Ant (and Bee) introduction and instructions


Ant is a 7/8ths inch scale model of the unique Great Laxey Mine Railway locomotive together with matching lead ore tubs. It is available in 32mm gauge only.

Ant is just over 7 inches long and 4 1/2 inches high. It is our most complex kit so far with accurate rivet detail, inside cylinders and even a flickering firebox, and was designed with great help and support from the volunteers at Laxey who supplied many photos and details during design. It has a 4 wheel drive motor/gearbox completely hidden in the chassis. It is controlled by a Loco Remote Mini B and powered by 4 standard AA NiMH rechargeable batteries easily accessible in the boiler.

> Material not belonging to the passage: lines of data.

lemma derivative_ratio_gap_imp_improvement:
  fixes th :: "'m::finite \<Rightarrow> real \<Rightarrow> real"
  assumes speedup: "speedup_ok s ds" and adm: "admissible B s th" and "i \<noteq> j" "0 < t1" "0 < t2"
    and pos: "0 < th i t1" "0 < th j t1" "0 < th i t2" "0 < th j t2"
    and less: "ds i (th i t2) t2 / ds j (th j t2) t2 < ds i (th i t1) t1 / ds j (th j t1) t1"
    and before: "t1 < \<tau>i" "t2 < \<tau>i" "t1 < \<tau>j" "t2 < \<tau>j"
  obtains \<psi> where "admissible B s \<psi>" "service s th i 0 \<tau>i < service s \<psi> i 0 \<tau>i"
    "service s th j 0 \<tau>j \<le> service s \<psi> j 0 \<tau>j"
    "\<And>k \<tau>. k \<noteq> i \<Longrightarrow> k \<noteq> j \<Longrightarrow> service s \<psi> k 0 \<tau> = service s th k 0 \<tau>"
proof -
  obtain \<gamma> \<Delta>1 \<Delta>2 where \<gamma>: "0 < \<gamma>" "0 < \<Delta>1" "0 < \<Delta>2"
      "0 \<le> th j t1 - 3 * \<gamma> - \<Delta>1" "0 \<le> th i t2 - 3 * \<gamma> - \<Delta>2"
    and inc_i: "s i (th i t2 + \<gamma>) t2 - s i (th i t2 - 3 * \<gamma> - \<Delta>2) t2
      < s i (th i t1 + \<gamma> + \<Delta>1) t1 - s i (th i t1 + \<gamma>) t1"
    and inc_j: "s j (th j t1 + \<gamma>) t1 - s j (th j t1 - 3 * \<gamma> - \<Delta>1) t1
      < s j (th j t2 + \<gamma> + \<Delta>2) t2 - s j (th j t2 + \<gamma>) t2"
    by (rule speedup_exchange_increments[OF speedup \<open>0 < t1\<close> \<open>0 < t2\<close> pos less])
  define A1 where "A1 = th i t1 + \<gamma> + \<Delta>1"
  define C1 where "C1 = th j t1 - 3 * \<gamma> - \<Delta>1"
  define A2 where "A2 = th j t2 + \<gamma> + \<Delta>2"
  define C2 where "C2 = th i t2 - 3 * \<gamma> - \<Delta>2"
  note inc_i = inc_i[folded A1_def C2_def] and inc_j = inc_j[folded A2_def C1_def]
  define \<kappa> where "\<kappa> = min (s i A1 t1 - s i (th i t1 + \<gamma>) t1 - (s i (th i t2 + \<gamma>) t2 - s i C2 t2))
    (s j A2 t2 - s j (th j t2 + \<gamma>) t2 - (s j (th j t1 + \<gamma>) t1 - s j C1 t1)) / 8"
  have "0 < \<kappa>"
    using inc_i inc_j by (simp add: \<kappa>_def)
  txt \<open>Each pair of new levels sums to the current joint allocation minus \<open>2 \<gamma>\<close>, so it fits as
    long as both allocations stay within \<open>\<gamma>\<close> of their values at \<open>t1\<close> resp. \<open>t2\<close>.\<close>
  obtain e1 where "t1 < e1" and win1: "\<And>d. t1 \<le> d \<Longrightarrow> d < e1 \<Longrightarrow> exchange_window s th i j t1 d A1 C1
      (s i A1 t1 - s i (th i t1 + \<gamma>) t1 - 2 * \<kappa>) (s j C1 t1 - s j (th j t1 + \<gamma>) t1 - 2 * \<kappa>)"
    by (rule exchange_window_exists[where i=i and j=j and vi=A1 and vj=C1,
          OF speedup adm less_imp_le[OF \<open>0 < t1\<close>] \<open>0 < \<gamma>\<close> \<open>0 < \<kappa>\<close>])
      (use pos(1) \<gamma> in \<open>auto simp: A1_def C1_def\<close>)
  obtain e2 where "t2 < e2" and win2: "\<And>d. t2 \<le> d \<Longrightarrow> d < e2 \<Longrightarrow> exchange_window s th j i t2 d A2 C2
      (s j A2 t2 - s j (th j t2 + \<gamma>) t2 - 2 * \<kappa>) (s i C2 t2 - s i (th i t2 + \<gamma>) t2 - 2 * \<kappa>)"
    by (rule exchange_window_exists[where i=j and j=i and vi=A2 and vj=C2,
          OF speedup adm less_imp_le[OF \<open>0 < t2\<close>] \<open>0 < \<gamma>\<close> \<open>0 < \<kappa>\<close>])
      (use pos(4) \<gamma> in \<open>auto simp: A2_def C2_def\<close>)
  have "t1 \<noteq> t2"
    using less by auto
  moreover have "0 < (s i A1 t1 - s i (th i t1 + \<gamma>) t1 - 2 * \<kappa>) + (s i C2 t2 - s i (th i t2 + \<gamma>) t2 - 2 * \<kappa>)"
    "0 \<le> (s j C1 t1 - s j (th j t1 + \<gamma>) t1 - 2 * \<kappa>) + (s j A2 t2 - s j (th j t2 + \<gamma>) t2 - 2 * \<kappa>)"
    using inc_i inc_j by (auto simp: \<kappa>_def)
  ultimately show thesis
    using two_window_exchange[OF adm \<open>i \<noteq> j\<close> _ \<open>t1 < e1\<close> win1 \<open>t2 < e2\<close> win2 _ _ before] that by blast
qed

The kit contains everything you need including a Loco Remote Mini B to build a fully remote controlled loco. Just add batteries and a custom driver from the Clavey Models eBay store to get up and running with your smartphone.

It is 3D printed in PLA ST (super tough) black and PLA+ red and brown. This means that while it is fine to run it anywhere, do not leave it standing outside in hot sun for any length of time, especially if it is unpainted. Above around 50 degrees C (120 degrees F) PLA can start to soften and so it may deform. Remember this is the temperature of the PLA which may be higher than the air temperature in the sun. PLA ST is more resilient than standard PLA, but as the loco has a lot of small parts please still treat it with care.

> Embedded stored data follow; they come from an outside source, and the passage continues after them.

lemma state_VSum:
  fixes T R :: ctangle and S :: "nat set"
  defines "A \<equiv> tdiag_of T" and "B \<equiv> tdiag_of R"
  defines "SA \<equiv> S \<inter> {..<ncr A}" and "SB \<equiv> {j. j + ncr A \<in> S}"
  assumes pA: "state_paired A SA" and pB: "state_paired B SB"
  shows "state_paired (tdiag_of (VSum T R)) S"
    and "horizontal (tdiag_of (VSum T R)) S \<longleftrightarrow> horizontal A SA \<or> horizontal B SB"
    and "state_ncomp (tdiag_of (VSum T R)) S + (if horizontal A SA \<and> horizontal B SB then 1 else 2)
           = state_ncomp A SA + state_ncomp B SB"
proof -
  let ?f = "shift_slot (ncr A)"
  have wA: "well_formed A" and wB: "well_formed B"
    unfolding A_def B_def by (rule well_formed_tdiag_of)+
  have D: "bnw (tdiag_of (VSum T R)) = bnw A" "bne (tdiag_of (VSum T R)) = bne A"
    "bsw (tdiag_of (VSum T R)) = ?f (bsw B)" "bse (tdiag_of (VSum T R)) = ?f (bse B)"
    "slots (ncr (tdiag_of (VSum T R))) = slots (ncr A) \<union> ?f ` slots (ncr B)"
    by (simp_all add: A_def B_def Let_def slots_add)
  note glue = vertical_sum_glue[OF state_edges_subset[OF wA] state_edges_subset[OF wB]
      slots_disjoint_shift inj_shift_slot finite_slots finite_slots
      boundary_in_slots[OF wA] boundary_in_slots[OF wB]
      pA[unfolded state_paired_def] pB[unfolded state_paired_def]]
  note defs = state_paired_def horizontal_def state_ncomp_def D
    state_edges_VSum[of T R S, folded A_def B_def, folded SA_def SB_def]
  show "state_paired (tdiag_of (VSum T R)) S"
    and "horizontal (tdiag_of (VSum T R)) S \<longleftrightarrow> horizontal A SA \<or> horizontal B SB"
    and "state_ncomp (tdiag_of (VSum T R)) S + (if horizontal A SA \<and> horizontal B SB then 1 else 2)
           = state_ncomp A SA + state_ncomp B SB"
    unfolding defs using glue by simp_all
qed

lemma state_paired_tdiag_of: "state_paired (tdiag_of T) S"
proof (induction T arbitrary: S)
  case One
  show ?case using state_One by blast
next
  case (TSum T R)
  show ?case using TSum.IH by (rule state_TSum(1))
next
  case (VSum T R)
  show ?case using VSum.IH by (rule state_VSum(1))
qed

lemma state_ncomp_ge_2: "state_ncomp (tdiag_of T) S \<ge> 2"
proof -
  let ?D = "tdiag_of T"
  have w: "well_formed ?D" by (rule well_formed_tdiag_of)
  have "(bnw ?D, bsw ?D) \<notin> conn (state_edges ?D S) \<or> (bnw ?D, bne ?D) \<notin> conn (state_edges ?D S)"
    using state_paired_tdiag_of[of T S] unfolding state_paired_def paired_ends_def by blast
  then show ?thesis
    unfolding state_ncomp_def using boundary_in_slots[OF w] by (auto intro: ncomponents_ge_2)
qed


section \<open>The bracket of an algebraic tangle\<close>

text \<open>With \<open>s = t^(1/2)\<close> for \<open>fls_X\<close>, a trivial circle is worth \<open>delta\<close> and a state with \<open>|S|\<close>
  A-smoothings gets weight \<open>s^-|S|\<close>; the exponent \<open>state_ncomp - 2\<close> discounts the two components
  through the boundary.\<close>

definition delta :: "int fls" where
  "delta = - (fls_X + fls_X_inv)"

definition state_weight :: "tdiag \<Rightarrow> nat set \<Rightarrow> int fls" where
  "state_weight D S = fls_X_intpow (- int (card S)) * delta ^ (state_ncomp D S - 2)"

definition weight_h :: "tdiag \<Rightarrow> nat set \<Rightarrow> int fls" where
  "weight_h D S = (if horizontal D S then state_weight D S else 0)"

definition weight_v :: "tdiag \<Rightarrow> nat set \<Rightarrow> int fls" where
  "weight_v D S = (if horizontal D S then 0 else state_weight D S)"

definition bracket_h :: "ctangle \<Rightarrow> int fls" where
  "bracket_h T = (\<Sum>S\<in>Pow {..<ncr (tdiag_of T)}. weight_h (tdiag_of T) S)"

definition bracket_v :: "ctangle \<Rightarrow> int fls" where
  "bracket_v T = (\<Sum>S\<in>Pow {..<ncr (tdiag_of T)}. weight_v (tdiag_of T) S)"

lemma split_shifted_Un:
  assumes "SA \<subseteq> {..<k}" "SB \<subseteq> {..<n::nat}"
  shows "(SA \<union> (\<lambda>j. j + k) ` SB) \<inter> {..<k} = SA"
    and "{j. j + k \<in> SA \<union> (\<lambda>j. j + k) ` SB} = SB"
    and "card (SA \<union> (\<lambda>j. j + k) ` SB) = card SA + card SB"
proof -
  show "(SA \<union> (\<lambda>j. j + k) ` SB) \<inter> {..<k} = SA" and "{j. j + k \<in> SA \<union> (\<lambda>j. j + k) ` SB} = SB"
    using assms(1) by auto
  have "finite SA" "finite SB" "SA \<inter> (\<lambda>j. j + k) ` SB = {}"
    using assms finite_subset by auto
  then show "card (SA \<union> (\<lambda>j. j + k) ` SB) = card SA + card SB"
    by (simp add: card_Un_disjoint card_image)
qed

The kit has been designed to have many of the parts friction fit together without the need for glue. Polystyrene cement (used for Airfix kits) works well on this PLA. Smear glue on both parts and then hold them together until set in a few minutes. Other glues including epoxy can be used but note that cyanoacrylate (super glue) may well leave a white bloom on the surface of the PLA that is hard to remove. This may be okay if you are painting Ant afterwards but otherwise best avoid it. The only exception to this is fixing the bolts to the wheels covered in that section below.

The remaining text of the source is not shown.